• _Goal of the exercise_: Go over the entries and report the lines where the word "lemma" occurs.

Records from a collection
···
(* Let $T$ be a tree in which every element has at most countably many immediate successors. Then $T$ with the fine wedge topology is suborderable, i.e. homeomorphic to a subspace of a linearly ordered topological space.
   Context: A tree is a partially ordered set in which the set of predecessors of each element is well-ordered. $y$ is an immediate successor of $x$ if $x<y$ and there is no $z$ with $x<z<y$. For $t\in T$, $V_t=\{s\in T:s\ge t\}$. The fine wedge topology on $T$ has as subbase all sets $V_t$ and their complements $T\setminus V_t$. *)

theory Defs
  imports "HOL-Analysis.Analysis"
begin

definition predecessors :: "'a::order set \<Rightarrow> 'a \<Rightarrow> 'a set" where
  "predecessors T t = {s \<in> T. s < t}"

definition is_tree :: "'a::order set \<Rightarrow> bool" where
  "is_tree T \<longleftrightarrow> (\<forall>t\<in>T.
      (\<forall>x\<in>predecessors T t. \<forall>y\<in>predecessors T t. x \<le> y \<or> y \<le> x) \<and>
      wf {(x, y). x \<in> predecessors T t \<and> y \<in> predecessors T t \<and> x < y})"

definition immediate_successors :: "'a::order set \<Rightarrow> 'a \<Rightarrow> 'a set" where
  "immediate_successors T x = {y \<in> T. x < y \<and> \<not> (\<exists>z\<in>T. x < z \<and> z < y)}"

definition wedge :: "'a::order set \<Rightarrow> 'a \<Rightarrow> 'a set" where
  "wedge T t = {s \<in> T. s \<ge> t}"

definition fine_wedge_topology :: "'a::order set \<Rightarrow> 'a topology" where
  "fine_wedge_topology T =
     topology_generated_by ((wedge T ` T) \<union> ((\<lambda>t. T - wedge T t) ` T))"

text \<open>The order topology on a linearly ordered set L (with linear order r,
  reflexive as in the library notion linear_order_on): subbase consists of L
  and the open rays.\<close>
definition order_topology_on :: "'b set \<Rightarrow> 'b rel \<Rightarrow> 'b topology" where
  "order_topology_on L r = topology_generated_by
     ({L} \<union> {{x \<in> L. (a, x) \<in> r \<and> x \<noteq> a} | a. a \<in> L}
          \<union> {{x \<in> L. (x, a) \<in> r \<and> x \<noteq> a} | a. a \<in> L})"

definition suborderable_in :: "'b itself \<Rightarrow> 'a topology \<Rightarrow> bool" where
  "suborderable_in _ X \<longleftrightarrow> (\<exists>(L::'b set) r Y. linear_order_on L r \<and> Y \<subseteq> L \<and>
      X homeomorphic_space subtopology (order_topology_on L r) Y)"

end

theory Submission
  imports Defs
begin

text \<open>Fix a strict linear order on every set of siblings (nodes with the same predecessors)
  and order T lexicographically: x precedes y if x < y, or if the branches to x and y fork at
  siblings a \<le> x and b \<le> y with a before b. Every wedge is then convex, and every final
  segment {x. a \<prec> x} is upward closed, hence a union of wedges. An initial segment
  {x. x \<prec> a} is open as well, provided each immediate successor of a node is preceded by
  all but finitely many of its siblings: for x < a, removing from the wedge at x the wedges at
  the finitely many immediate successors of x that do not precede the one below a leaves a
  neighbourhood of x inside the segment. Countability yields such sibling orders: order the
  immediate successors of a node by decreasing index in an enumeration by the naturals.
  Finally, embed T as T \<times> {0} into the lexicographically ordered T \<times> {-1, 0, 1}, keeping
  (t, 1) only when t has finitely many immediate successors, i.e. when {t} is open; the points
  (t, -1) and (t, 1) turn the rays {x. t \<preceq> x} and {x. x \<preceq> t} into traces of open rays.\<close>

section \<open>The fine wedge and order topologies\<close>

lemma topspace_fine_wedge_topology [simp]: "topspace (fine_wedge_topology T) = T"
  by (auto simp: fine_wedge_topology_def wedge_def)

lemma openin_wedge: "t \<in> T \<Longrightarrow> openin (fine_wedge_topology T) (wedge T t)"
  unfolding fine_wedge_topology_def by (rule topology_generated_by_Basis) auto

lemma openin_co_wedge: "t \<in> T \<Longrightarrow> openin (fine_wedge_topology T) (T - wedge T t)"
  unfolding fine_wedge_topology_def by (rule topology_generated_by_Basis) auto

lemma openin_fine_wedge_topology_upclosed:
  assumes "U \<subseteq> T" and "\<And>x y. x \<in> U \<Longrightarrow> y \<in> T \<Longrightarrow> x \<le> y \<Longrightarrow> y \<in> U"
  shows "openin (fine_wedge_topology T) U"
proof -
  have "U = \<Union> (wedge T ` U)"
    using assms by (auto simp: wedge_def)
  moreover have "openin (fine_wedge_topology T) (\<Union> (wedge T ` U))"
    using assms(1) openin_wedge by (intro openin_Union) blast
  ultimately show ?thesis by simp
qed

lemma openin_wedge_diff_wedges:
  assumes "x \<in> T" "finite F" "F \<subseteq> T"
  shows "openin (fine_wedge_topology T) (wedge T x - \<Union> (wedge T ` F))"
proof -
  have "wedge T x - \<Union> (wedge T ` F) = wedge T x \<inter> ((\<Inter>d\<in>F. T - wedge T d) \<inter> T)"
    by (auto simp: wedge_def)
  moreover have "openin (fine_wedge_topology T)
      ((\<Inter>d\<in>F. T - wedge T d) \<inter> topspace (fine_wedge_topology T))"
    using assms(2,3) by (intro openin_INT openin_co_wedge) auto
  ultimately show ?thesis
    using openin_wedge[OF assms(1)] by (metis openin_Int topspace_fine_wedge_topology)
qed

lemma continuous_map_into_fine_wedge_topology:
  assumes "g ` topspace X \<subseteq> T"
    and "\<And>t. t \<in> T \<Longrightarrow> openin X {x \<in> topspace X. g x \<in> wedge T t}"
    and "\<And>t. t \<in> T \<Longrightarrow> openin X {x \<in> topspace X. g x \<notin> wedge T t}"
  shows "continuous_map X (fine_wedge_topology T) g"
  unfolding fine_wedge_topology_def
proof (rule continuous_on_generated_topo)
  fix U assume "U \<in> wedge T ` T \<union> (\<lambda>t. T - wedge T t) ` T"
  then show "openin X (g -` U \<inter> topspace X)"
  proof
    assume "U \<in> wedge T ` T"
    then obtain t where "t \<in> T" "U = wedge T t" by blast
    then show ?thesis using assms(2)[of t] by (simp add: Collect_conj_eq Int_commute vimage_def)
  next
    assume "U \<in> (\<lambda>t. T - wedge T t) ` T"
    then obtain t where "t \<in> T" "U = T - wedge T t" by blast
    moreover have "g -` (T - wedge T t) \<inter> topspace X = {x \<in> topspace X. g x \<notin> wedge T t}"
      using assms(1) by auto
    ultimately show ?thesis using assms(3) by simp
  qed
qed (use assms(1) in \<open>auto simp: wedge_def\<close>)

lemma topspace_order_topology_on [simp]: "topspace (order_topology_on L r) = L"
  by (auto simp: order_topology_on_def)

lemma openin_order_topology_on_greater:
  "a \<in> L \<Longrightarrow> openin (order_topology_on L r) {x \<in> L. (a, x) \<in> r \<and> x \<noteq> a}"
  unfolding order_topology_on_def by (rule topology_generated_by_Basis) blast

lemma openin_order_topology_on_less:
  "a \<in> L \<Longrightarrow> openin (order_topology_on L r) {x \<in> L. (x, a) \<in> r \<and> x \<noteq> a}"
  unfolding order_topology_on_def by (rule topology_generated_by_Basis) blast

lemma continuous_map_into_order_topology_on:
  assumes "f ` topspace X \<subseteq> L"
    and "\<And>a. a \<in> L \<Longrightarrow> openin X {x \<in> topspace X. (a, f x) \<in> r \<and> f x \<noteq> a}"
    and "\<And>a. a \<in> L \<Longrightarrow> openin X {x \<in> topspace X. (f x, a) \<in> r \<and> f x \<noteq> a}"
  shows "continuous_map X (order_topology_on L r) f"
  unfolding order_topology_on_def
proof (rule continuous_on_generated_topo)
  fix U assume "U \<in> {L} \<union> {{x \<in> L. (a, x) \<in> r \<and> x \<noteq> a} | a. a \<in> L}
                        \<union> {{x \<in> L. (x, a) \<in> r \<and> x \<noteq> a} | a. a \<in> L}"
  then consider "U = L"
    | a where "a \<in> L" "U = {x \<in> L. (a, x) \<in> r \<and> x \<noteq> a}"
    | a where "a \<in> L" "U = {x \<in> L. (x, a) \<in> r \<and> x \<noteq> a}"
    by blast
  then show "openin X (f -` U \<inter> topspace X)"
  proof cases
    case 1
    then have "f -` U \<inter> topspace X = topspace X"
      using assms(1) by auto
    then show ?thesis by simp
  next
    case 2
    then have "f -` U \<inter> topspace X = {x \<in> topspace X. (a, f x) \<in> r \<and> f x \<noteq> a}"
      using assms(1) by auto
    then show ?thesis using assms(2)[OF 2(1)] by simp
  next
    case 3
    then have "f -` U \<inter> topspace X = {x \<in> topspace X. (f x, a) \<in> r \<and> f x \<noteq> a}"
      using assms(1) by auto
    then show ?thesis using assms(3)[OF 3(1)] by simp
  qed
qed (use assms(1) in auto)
···
• _Result of this task_:
lemma topspace_fine_wedge_topology [simp]: "topspace (fine_wedge_topology T) = T"
lemma openin_wedge: "t \<in> T \<Longrightarrow> openin (fine_wedge_topology T) (wedge T t)"
lemma openin_co_wedge: "t \<in> T \<Longrightarrow> openin (fine_wedge_topology T) (T - wedge T t)"
lemma openin_fine_wedge_topology_upclosed:
lemma openin_wedge_diff_wedges:
lemma continuous_map_into_fine_wedge_topology:
lemma topspace_order_topology_on [simp]: "topspace (order_topology_on L r) = L"
lemma openin_order_topology_on_greater:
lemma openin_order_topology_on_less:
lemma continuous_map_into_order_topology_on:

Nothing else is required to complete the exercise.